Many attempts have been made to make virtualization more efficient. For example, some vendors offer software products that have a virtual machine system that permits a machine to be virtualized, such that the underlying hardware resources of the machine appears as one or more independently operating virtual machines (VM). Typically, a Virtual Machine Monitor (VMM, also referred to as a "Hypervisor") may be a thin layer of software running on a computer responsible for creating, configuring, and managing VMs. It may also be responsible for providing isolation between the VMs. In one embodiment, the VMM may be an application running within a host operating system. In one specific embodiment, the VMM may include 3 main portions: a kernel mode application or set of applications running on the host operating system, a set of drivers in the host operating system, and a co-operative kernel that substantially or partially replaces the host kernel when the VM is running. In an alternate embodiment, the VMM may be a layer of basic code executing directly on the host hardware. Each VM, on the other hand, may function as a self-contained platform, running its own operating system (OS), or a copy of the OS, and/or a software application. Software executing within a VM is collectively referred to as "guest software" or "guest OS". Some commercial solutions that provide software VMs include VMware, Inc. (VMware) of Palo Alto, Calif. and VirtualPC by Microsoft Corp. of Redmond, Wash.

FIG. 1 is a flowchart illustrating an embodiment of a technique for memory access in accordance with the claimed subject matter. Block 105 illustrates that, in one embodiment, a system may be started and basic initialization and configuration may occur. It is understood that in some embodiments the system may be rebooted or otherwise reset to a certain point. Also, it is understood that in various embodiments, various forms of initialization and/or configuration may or may not occur, including no initialization or configuration.

Block 110 illustrates that, in one embodiment, a determination may be made whether or not a system or apparatus is capable of running a hypervisor (HV). In one embodiment, the determination may also include whether or not a hypervisor is present and capable of being run. In other embodiments the presence and ability to run a hypervisor or substantially equivalent technology may be assumed. In various embodiments, the determination my not involve a hypervisor, but instead the ability of a chipset or processor to support virtualization, such as, for example, the Intel Virtualization Technology (VT), Advanced MicroDevices Virtualization (AMD-V), or substantially equivalent technologies.

Block 115 illustrates that, in one embodiment, if a hypervisor is present that the hypervisor may be executed. Block 120 illustrates that, in one embodiment, a determination may be whether or not the system supports IP address trapping. In one embodiment, the support may be part of the systems hardware, firmware, software or a combination thereof. In one particular embodiment, the support may be a specific function of the hypervisor.

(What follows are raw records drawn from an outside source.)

lemma Eminus_component_of_integrability:
  assumes mem: "a \<in> E x" "b \<in> E x" "c \<in> E x" "d \<in> E x"
    and N_K: "- a - b - Ge (J x (c - d)) = 0"
    and N_J: "a - b - J x (c + d) = 0"
  shows "pm d = J x (pm b)"
proof (rule eq_J_of_paired_equations)
  have "pm (Ge (J x (c - d))) = - J x (pm c) + J x (pm d)"
    by (subst pminus_Gend_J) (use mem in \<open>simp_all add: pminus_diff J_diff pminus_mem_E E_closed\<close>)
  then show "- pm a - pm b + J x (pm c) - J x (pm d) = 0"
    using arg_cong[OF N_K, of pm] mem by (simp add: pminus_0 pminus_diff pminus_minus Gend_mem_E J_mem E_closed)
  show "pm a - pm b - J x (pm c) - J x (pm d) = 0"
    using arg_cong[OF N_J, of pm] mem
    by (simp add: pminus_0 pminus_diff pminus_add pminus_J J_add pminus_mem_E J_mem E_closed)
qed (simp_all add: mem pminus_mem_E)

end

locale generalized_kahler_structure =
  fixes C :: "('m \<Rightarrow> real) set" and E :: "'m \<Rightarrow> 'v::euclidean_space set"
    and Gam :: "('m \<Rightarrow> 'v) set" and ip :: "'m \<Rightarrow> 'v \<Rightarrow> 'v \<Rightarrow> real"
    and br :: "('m \<Rightarrow> 'v) \<Rightarrow> ('m \<Rightarrow> 'v) \<Rightarrow> ('m \<Rightarrow> 'v)"
    and anc :: "('m \<Rightarrow> 'v) \<Rightarrow> ('m \<Rightarrow> real) \<Rightarrow> ('m \<Rightarrow> real)"
    and Ep :: "'m \<Rightarrow> 'v set" and J :: "'m \<Rightarrow> 'v \<Rightarrow> 'v"
  assumes generalized_kahler: "generalized_kahler C E Gam ip br anc Ep J"
begin
(* Consider the contact process with infection rate $\lambda<1$ on the star graph $S_k$ with root $\rho$ and $k$ leaves. Let $M$ be a positive integer with $\frac{32}{\lambda}\le M\le\frac{\lambda k}{100}$. Assume that at least $M$ leaves are infected at time $t$. Then the probability that at least $\frac{\lambda k}{100}$ leaves are infected at time $t+1$ is at least $1-3\exp(-\lambda M/128)$.
   Context: The star graph $S_k$ consists of a root $\rho$ joined by an edge to each of $k$ leaves. The contact process with infection rate $\lambda$: each infected vertex recovers at rate $1$ and infects each neighbour independently at rate $\lambda$, all events independent. *)

theory Defs
  imports Complex_Main
begin

definition star_vertices :: "nat \<Rightarrow> nat set" where
  "star_vertices k = {0..k}"

definition star_leaves :: "nat \<Rightarrow> nat set" where
  "star_leaves k = {1..k}"

definition star_adj :: "nat \<Rightarrow> nat \<Rightarrow> nat \<Rightarrow> bool" where
  "star_adj k u v \<longleftrightarrow> u \<in> star_vertices k \<and> v \<in> star_vertices k \<and>
      ((u = 0 \<and> v \<noteq> 0) \<or> (u \<noteq> 0 \<and> v = 0))"

definition cp_states :: "nat \<Rightarrow> nat set set" where
  "cp_states k = Pow (star_vertices k)"

text \<open>Off-diagonal jump rates: an infected vertex recovers at rate 1; a healthy vertex
  becomes infected at rate lambda times its number of infected neighbours.\<close>

definition cp_rate :: "nat \<Rightarrow> real \<Rightarrow> nat set \<Rightarrow> nat set \<Rightarrow> real" where
  "cp_rate k lam x y =
     (if \<exists>v\<in>x. y = x - {v} then 1
      else if \<exists>v\<in>star_vertices k - x. y = insert v x
        then lam * real (card {u\<in>x. star_adj k u (THE v. y = insert v x \<and> v \<notin> x)})
      else 0)"

definition cp_gen :: "nat \<Rightarrow> real \<Rightarrow> nat set \<Rightarrow> nat set \<Rightarrow> real" where
  "cp_gen k lam x y =
     (if x = y then - (\<Sum>z\<in>cp_states k - {x}. cp_rate k lam x z) else cp_rate k lam x y)"

fun cp_gen_pow :: "nat \<Rightarrow> real \<Rightarrow> nat \<Rightarrow> nat set \<Rightarrow> nat set \<Rightarrow> real" where
  "cp_gen_pow k lam 0 x y = (if x = y then 1 else 0)"
| "cp_gen_pow k lam (Suc n) x y = (\<Sum>z\<in>cp_states k. cp_gen k lam x z * cp_gen_pow k lam n z y)"
(* Let $g$ satisfy Assumption B, let $L>0$ with $1/L>s_0$, and let $u,z\in\mathbb{R}$ with $u\in\mathcal{G}_L(z)$. Then: if $u>0$, $u\ge\max\big(\sigma(1/L),\ \tfrac{Lq_0(1/L)-z}{L}\big)$; if $u<0$, $u\le\min\big(-\sigma(1/L),\ -\tfrac{Lq_0(1/L)+z}{L}\big)$; if $u=0$, $|z|\le Lq_0(1/L)$. Here $\sigma(1/L)>0$ and $q_0(1/L)>0$.
   Context: Assumption B on $g:\mathbb{R}\to\mathbb{R}\cup\{+\infty\}$: (B1) lsc, symmetric, $g(0)=0$; (B2) $g(u)<\infty$ for some $u\ne0$; (B3) one of (B3a) $g$ twice differentiable on some $(0,\epsilon)$, $\limsup_{u\searrow0}g''(u)\in(-\infty,0)$; (B3b) same differentiability, $\lim_{u\searrow0}g''(u)=-\infty$; (B3c) $\liminf_{u\searrow0}g(u)>0$; (B4) $g\ge0$. $\operatorname{prox}_{sg}(q):=\operatorname{argmin}_{u\in\mathbb{R}}(\tfrac12|u-q|^2+sg(u))$. $s_0:=0$ if (B3b) or (B3c) holds, otherwise $s_0:=-1/\limsup_{u\searrow0}g''(u)$. For $s>0$: $\sigma(s):=\inf\{|u|:\ u\ne0,\ u\in\operatorname{prox}_{sg}(q)\text{ for some }q\}$ and $q_0(s):=\sup\{q\ge0:\ q|u|\le\tfrac12u^2+sg(u)\ \forall u\in\mathbb{R}\}$. The set-valued map $\mathcal{G}_L:\mathbb{R}\rightrightarrows\mathbb{R}$ is defined by: $u\in\mathcal{G}_L(z)$ iff $u$ is a global minimizer of $v\mapsto -zv+\frac L2(v-u)^2+g(v)$ over $v\in\mathbb{R}$. *)

theory Defs
  imports "HOL-Analysis.Analysis"
begin

text \<open>Extended-real-valued functions g : real => real \<union> {+\<infinity>} are modelled as
  functions real \<Rightarrow> ereal that never take the value -\<infinity>.\<close>

definition lsc_fun :: "(real \<Rightarrow> ereal) \<Rightarrow> bool" where
  "lsc_fun g \<longleftrightarrow> (\<forall>x. g x \<le> Liminf (at x) g)"

definition greal :: "(real \<Rightarrow> ereal) \<Rightarrow> real \<Rightarrow> real" where
  "greal g = (\<lambda>u. real_of_ereal (g u))"

definition g2 :: "(real \<Rightarrow> ereal) \<Rightarrow> real \<Rightarrow> real" where
  "g2 g = deriv (deriv (greal g))"

definition twice_diff_right0 :: "(real \<Rightarrow> ereal) \<Rightarrow> bool" where
  "twice_diff_right0 g \<longleftrightarrow> (\<exists>eps>0. \<forall>x\<in>{0<..<eps}.
      g x \<noteq> \<infinity> \<and> g x \<noteq> -\<infinity> \<and>
      (greal g has_real_derivative deriv (greal g) x) (at x) \<and>
      (deriv (greal g) has_real_derivative g2 g x) (at x))"

definition B3a :: "(real \<Rightarrow> ereal) \<Rightarrow> bool" where
  "B3a g \<longleftrightarrow> twice_diff_right0 g \<and>
     Limsup (at_right 0) (\<lambda>u. ereal (g2 g u)) > -\<infinity> \<and>
     Limsup (at_right 0) (\<lambda>u. ereal (g2 g u)) < 0"

definition B3b :: "(real \<Rightarrow> ereal) \<Rightarrow> bool" where
  "B3b g \<longleftrightarrow> twice_diff_right0 g \<and>
     ((\<lambda>u. ereal (g2 g u)) \<longlongrightarrow> -\<infinity>) (at_right 0)"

In one specific illustrative embodiment, the system may allow only 2.sup.44 addresses spaces in the physically mapped memory space. However, the hypervisor may support presenting the guest virtual machine with a virtual memory space that provides 2.sup.64 addresses. In one specific embodiment, the virtual addresses above the 2.sup.44 boundary may be mapped to a memory on a network device via an IP address. As illustrated in more detail below, when a guest virtual machine accesses a memory location in the mapped space, the hypervisor may trap the memory request and forward it to the network device.

In one specific illustrative embodiment, to which the disclosed subject matter is not limited, a cluster of systems or virtual machines may be presented with versions of this 2.sup.64 address space. The area above the 2.sup.44 boundary may be located on a network device and shared between the various systems in the cluster. Therefore, this memory space may be conveniently shared between the devices of the cluster, without explicitly initiating an inter-process communication request. Inter-process communication, in this embodiment, may simply occur via a standard memory access. Of course, in some embodiments, the IP memory space (illustrate din this embodiment as the memory space above the 2.sup.44 boundary) may be stored on a single or a plurality of devices. It is also envisioned that this memory may take various forms, such as, for example, standard RAM, a hard drive, a flash drive, etc. It is also understood that the disclosed subject matter is not limited to facilitating inter-process communication and that that is merely one illustrative embodiment of the disclosed subject matter.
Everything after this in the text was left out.